This method demands more manual configuration than Buildroot but offers a path forward when conventional tools fall short.

Conclusion

Kernel development for less common architectures is a complex but rewarding challenge. When standard tools like Buildroot can’t cover the gap, combining Crosstool-NG and BusyBox provides a reliable and adaptable solution.

Saturday, March 1, 2025

The Tale of the Stubborn Cipher: A Debugging Saga

I’m a Red Hat guy since a while now, but lurking in my lab was a traitor: an old Ubuntu 20.04 machine still doing all my heavy lifting, mostly building kernels. Why? Because back in the day, before I saw the light of Red Hat, I was under the false impression that Fedora wasn’t great for cross-compilation. Turns out, I was dead wrong.

Fast-forward to today, and I need to work on LoongArch. Guess what? Ubuntu didn’t have the cross-compilation bits I needed… but Fedora did. Finally, I had a valid excuse to invest time, nuke that relic and bring it into the Fedora family.

But of course, nothing is ever that simple. See, I had an old encrypted disk on that setup, storing past projects, ancient treasures, and probably a few embarrassing bash scripts. No worries! I’ll just re-run the cryptsetup command on Fedora, and boom, I’m in…

Right?

Oh, how naive I was.

The Beginning: A Mysterious Failure

It all started with a simple goal: to mount an encrypted partition using AES-ESSIV:SHA256 on Fedora. The same setup had worked perfectly on an old setup for years, but now, Fedora refused to cooperate.

The process seemed straight-forward: cryptsetup creates the mapping, but...

$ sudo cryptsetup create --cipher aes-cbc-essiv --key-size 256 --hash sha256 pippo /dev/sdb1 Enter passphrase for /dev/sdb1: device-mapper: reload ioctl on pippo (253:2) failed: Invalid argument $

A classic error message, vague and infuriating. This called for serious debugging.

The First Hypothesis: A Kernel Mishap?

I’m a kernel developer, and you know what they say: when all you have is a hammer, everything looks like a kernel bug. So, naturally, my first suspicion landed straight on the Linux kernel. Because, let’s be honest, if something’s broken, it’s probably the kernel’s fault… right? So, ESSIV wasn’t appearing in /proc/crypto, the first suspicion was a kernel issue. Fedora is known for enforcing modern cryptographic policies, and legacy algorithms are often disabled by default.

To investigate, the essiv.ko module source was examined. It turns out that crypto_register_template(&essiv_tmpl); does not immediately appear in /proc/crypto. Instead, /proc/crypto reflects the state of crypto_alg_list, which only updates after the first use of an algorithm.

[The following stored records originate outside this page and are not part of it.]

lemma trig_poly_polynomial_cos_coords:
  "real_polynomial_function p \<Longrightarrow> trig_poly (\<lambda>x. complex_of_real (p (cos_coords t L x)))"
proof (induction rule: real_polynomial_function.induct)
  case (linear f)
  then interpret bounded_linear f .
  have "pi / L * (x \<bullet> b - t \<bullet> b) = ((pi / L) *\<^sub>R b) \<bullet> x + - (pi / L * (t \<bullet> b))" for x b :: 'a
    by (simp add: algebra_simps inner_commute)
  then have "complex_of_real (f (cos_coords t L x)) =
      (\<Sum>b\<in>Basis. complex_of_real (cos (((pi / L) *\<^sub>R b) \<bullet> x + - (pi / L * (t \<bullet> b)))) * complex_of_real (f b))"
    for x by (simp add: cos_coords_def sum scale)
  then show ?case
    by (simp only:) (intro trig_poly_sum trig_poly_mult trig_poly_cos trig_poly_const finite_Basis)
qed (auto intro: trig_poly_const trig_poly_add trig_poly_mult)

definition orthant :: "('a::euclidean_space \<Rightarrow> real) \<Rightarrow> 'a set" where
  "orthant \<theta> = {c. \<forall>b\<in>Basis. \<theta> b < c \<bullet> b}"

definition orthant_ramp :: "('a::euclidean_space \<Rightarrow> real) \<Rightarrow> nat \<Rightarrow> 'a \<Rightarrow> real" where
  "orthant_ramp \<theta> n c = (\<Prod>b\<in>Basis. max 0 (min 1 (real n * (c \<bullet> b - \<theta> b))))"

lemma open_orthant: "open (orthant \<theta>)"
proof -
  have "orthant \<theta> = (\<Inter>b\<in>Basis. {c. \<theta> b < c \<bullet> b})" by (auto simp: orthant_def)
  then show ?thesis by (auto intro!: open_INT open_Collect_less continuous_intros)
qed

lemma continuous_on_orthant_ramp: "continuous_on S (orthant_ramp \<theta> n)"
  unfolding orthant_ramp_def by (intro continuous_intros)

lemma abs_orthant_ramp_le_1: "\<bar>orthant_ramp \<theta> n c\<bar> \<le> 1"
proof -
  have "0 \<le> orthant_ramp \<theta> n c" "orthant_ramp \<theta> n c \<le> 1"
    unfolding orthant_ramp_def by (auto intro!: prod_nonneg prod_le_1)
  then show ?thesis by simp
qed

lemma orthant_ramp_tendsto_indicator:
  "(\<lambda>n. orthant_ramp \<theta> n c) \<longlonglongrightarrow> indicator (orthant \<theta>) c"
proof (cases "c \<in> orthant \<theta>")
  case True
  have "\<forall>\<^sub>F n in sequentially. max 0 (min 1 (real n * (c \<bullet> b - \<theta> b))) = 1" if "b \<in> Basis" for b
  proof -
    have d: "0 < c \<bullet> b - \<theta> b" using True that by (auto simp: orthant_def)
    then obtain N :: nat where "1 / (c \<bullet> b - \<theta> b) < real N" using reals_Archimedean2 by blast
    with d have "1 \<le> real N * (c \<bullet> b - \<theta> b)" by (simp add: field_simps)
    then have "1 \<le> real n * (c \<bullet> b - \<theta> b)" if "N \<le> n" for n
      using that d by (meson order_trans mult_right_mono of_nat_le_iff less_imp_le)
    then show ?thesis by (auto intro: eventually_sequentiallyI[of N])
  qed
  then have "\<forall>\<^sub>F n in sequentially. \<forall>b\<in>Basis. max 0 (min 1 (real n * (c \<bullet> b - \<theta> b))) = 1"
    by (intro eventually_ball_finite) auto
  then have "\<forall>\<^sub>F n in sequentially. orthant_ramp \<theta> n c = 1"
    by eventually_elim (simp add: orthant_ramp_def)
  then show ?thesis using True by (simp add: tendsto_eventually)
next
  case False
  then obtain b where b: "b \<in> Basis" "c \<bullet> b \<le> \<theta> b" by (auto simp: orthant_def not_less)
  then have "max 0 (min 1 (real n * (c \<bullet> b - \<theta> b))) = 0" for n
    using mult_nonneg_nonpos[of "real n" "c \<bullet> b - \<theta> b"] by simp
  then have "orthant_ramp \<theta> n c = 0" for n
    unfolding orthant_ramp_def using b(1) by (intro prod_zero) auto
  then show ?thesis using False by simp
qed

lemma cos_scaled_less_iff:
  fixes L a y :: real
  assumes "0 < L" "0 \<le> a" "a \<le> L" "\<bar>y\<bar> \<le> L"
  shows "cos (pi / L * a) < cos (pi / L * y) \<longleftrightarrow> \<bar>y\<bar> < a"
proof -
  have "cos (pi / L * y) = cos (pi / L * \<bar>y\<bar>)"
    using assms(1) by (metis abs_mult abs_of_pos cos_abs_real divide_pos_pos pi_gt_zero)
  then have "cos (pi / L * a) < cos (pi / L * y) \<longleftrightarrow> pi / L * \<bar>y\<bar> < pi / L * a"
    using assms by (simp only:) (intro cos_mono_less_eq, auto simp: field_simps)
  also have "\<dots> \<longleftrightarrow> \<bar>y\<bar> < a"
    using assms(1) mult_less_cancel_left_pos[of "pi / L"] by simp
  finally show ?thesis .
qed

lemma cos_coords_in_orthant_iff:
  fixes a t x :: "'a::euclidean_space"
  assumes "0 < L" and a: "\<And>b. b \<in> Basis \<Longrightarrow> 0 < a \<bullet> b \<and> a \<bullet> b \<le> L"
    and x: "\<And>b. b \<in> Basis \<Longrightarrow> \<bar>x \<bullet> b - t \<bullet> b\<bar> \<le> L"
  shows "cos_coords t L x \<in> orthant (\<lambda>b. cos (pi / L * (a \<bullet> b))) \<longleftrightarrow> x \<in> box (t - a) (t + a)"
proof -
  have "x \<in> box (t - a) (t + a) \<longleftrightarrow> (\<forall>b\<in>Basis. \<bar>x \<bullet> b - t \<bullet> b\<bar> < a \<bullet> b)"
    by (auto simp: mem_box inner_diff_left inner_add_left abs_less_iff)
  then show ?thesis
    using cos_scaled_less_iff[OF \<open>0 < L\<close>] a x by (auto simp: orthant_def inner_cos_coords less_imp_le)
qed

lemma tendsto_measure_norm_gt:
  fixes t :: "'a::real_normed_vector"
  assumes "finite_measure M" "sets M = sets borel"
  shows "(\<lambda>n. measure M {x. real n < norm (x - t)}) \<longlonglongrightarrow> 0"
proof -
  interpret finite_measure M by fact
  have "{x. real n < norm (x - t)} \<in> sets M" for n
    unfolding assms(2) by (intro borel_open open_Collect_less continuous_intros)
  moreover have "decseq (\<lambda>n. {x. real n < norm (x - t)})"
    by (intro decseq_SucI) auto
  ultimately have "(\<lambda>n. measure M {x. real n < norm (x - t)}) \<longlonglongrightarrow> measure M (\<Inter>n. {x. real n < norm (x - t)})"
    by (intro finite_Lim_measure_decseq) auto
  moreover have "\<exists>n. \<not> real n < norm (x - t)" for x
    using reals_Archimedean2[of "norm (x - t)"] less_asym by blast
  then have "(\<Inter>n. {x. real n < norm (x - t)}) = {}" by blast
  ultimately show ?thesis by simp
qed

So while I was staring at /proc/crypto, expecting to see ESSIV magically appear, I was actually just looking at a list of algorithms that had already been used, not the registered templates. The kernel wasn’t necessarily broken: just playing hard to get.

I needed to be sure the upstream kernel code I was looking at was exactly the same running on my machine. Fedora typically does not modify the upstream code, but I needed a confirmation. Rather than hunting down Fedora’s kernel source repository, the decision was made to compare binary modules from Fedora and upstream Linux, but…

Ah, binary reproducibility… A dream everyone chases but few actually catch. The idea of building a kernel module and getting the exact same binary sounds simple, but in reality, it’s like trying to bake the same cake twice without measuring anything.

What can make binaries different? The obvious culprit is the code itself, but that’s just the start. Data embedded in the binary can also change things. Compiler versions and plugins play a role… If the same source code gets translated differently, you’ll end up with different binaries, no matter how pure your intentions. Then come the non-code factors. A kernel module is an ELF container, and ELF files carry metadata: timestamps, cryptographic signatures, and other bits that make your module unique (and sometimes annoying to compare). Even the flags that mark a module as Out-Of-Tree can introduce differences.

So, when doing a binary comparison, it’s not just a matter of checking if the bytes match... you have to strip out the noise and focus on the meaningful differences. Here’s what I did

$ objcopy -O binary --only-section=.text essiv.us.ko essiv.us.bin $ objcopy -O binary --only-section=.text essiv.fedora.ko essiv.fedora.bin $ cmp essiv.us.bin essiv.fedora.bin

And I was lucky, the result was bitwise identical. No funny business in the kernel. Time to look elsewhere.

The Second Hypothesis: A Cryptsetup Mismatch?

To check if Fedora’s cryptsetup was behaving differently, the same encryption command was run on both the old machine and Fedora:

sudo cryptsetup -v create pippo --cipher aes-cbc-essiv:sha256 --key-size 256 /dev/sdb1
  • On the old machine, this worked fine, and the partition mounted successfully.
  • On Fedora, it created the mapping but refused to mount.

The Real Culprit: The Command Line Argument Order

At this point, every possible difference between the Ubuntu and Fedora commands was scrutinized.

And then, the discovery:

cryptsetup create --cipher aes-cbc-essiv:sha256 --key-size 256 --hash sha256 pippo /dev/sdb1

vs.

cryptsetup create pippo --cipher aes-cbc-essiv:sha256 --key-size 256 --hash sha256 /dev/sdb1

The first one fails mysteriously (without any syntax error). The second one works not throws error.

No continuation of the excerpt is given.